Nothing says "Happy Monday" like a probe down your nose.
Notice I didn't say "up my nose." The fact is, the "up" portion of your nose is just a way station to the long dive into your esophagus. How do I know this? Because bright and early on Monday morning I visited the friendly neighborhood Otolaryngologist who did just that. After asking me a barrage of questions about my sleeping, eating and breathing habits/problems, he used a device that vaguely resembled one of those paint guns used by airbrushed t-shirt vendors in malls across the country, to spray an anesthetic into my nose and down my throat. Small piece of advice? Avoid this process if you can. The anesthetic tastes of concentrated mold and the entire process is like shooting milk out your nose... in reverse. Not cool.
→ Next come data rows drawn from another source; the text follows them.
(* Let $R$ be a simple Bezout domain. Then $R$ is a D-K elementary divisor ring if and only if for every nonzero $a\in R$ there exist $u_1,u_2,v_1,v_2\in R$ such that $u_1av_1+u_2av_2=1$.
   Context: All rings are associative with nonzero identity. A simple ring is one with no two-sided ideals other than $0$ and $R$. A Bezout domain is a domain in which every finitely generated right ideal and every finitely generated left ideal is principal. A nonzero element $a$ is invariant if $aR=Ra$. For $x\in R$, $RxR$ denotes the two-sided ideal generated by $x$. Two matrices $A,B$ over $R$ are equivalent if $B=PAQ$ for invertible $P,Q$. $R$ is a D-K elementary divisor ring if every (rectangular) matrix over $R$ is equivalent to a matrix $\mathrm{diag}(\varepsilon_1,\dots,\varepsilon_r,0,\dots,0)$ such that $R\varepsilon_{i+1}R\subseteq \varepsilon_iR\cap R\varepsilon_i$ for $i=1,\dots,r-1$ and $\varepsilon_1,\dots,\varepsilon_{r-1}$ are invariant elements. *)

theory Defs
  imports "Jordan_Normal_Form.Matrix"
begin

definition two_sided_ideal :: "'a::ring_1 set \<Rightarrow> bool" where
  "two_sided_ideal I \<longleftrightarrow> 0 \<in> I \<and> (\<forall>x\<in>I. \<forall>y\<in>I. x + y \<in> I) \<and> (\<forall>x\<in>I. - x \<in> I)
     \<and> (\<forall>x\<in>I. \<forall>r. r * x \<in> I \<and> x * r \<in> I)"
But really, the probe wasn't the worst of it. What really frosted me was that right before he shoved that thing with the articulated tip into one of my few facial orifices, he cocks his head to the right, narrows his eyes ever so slightly and asks, "Did you know your nose is crooked?" WHAT? Is it not enough that you're about to challenge my very strong gag reflex and take an intimate look at my inner workings a la Dennis Quaid in Innerspace? Do you really have to draw attention to a flaw that by your estimation is not only a) totally normal but b) not at ALL related to any of the problems I came to see you for? Really.
Someone needs to work on their bedside manner.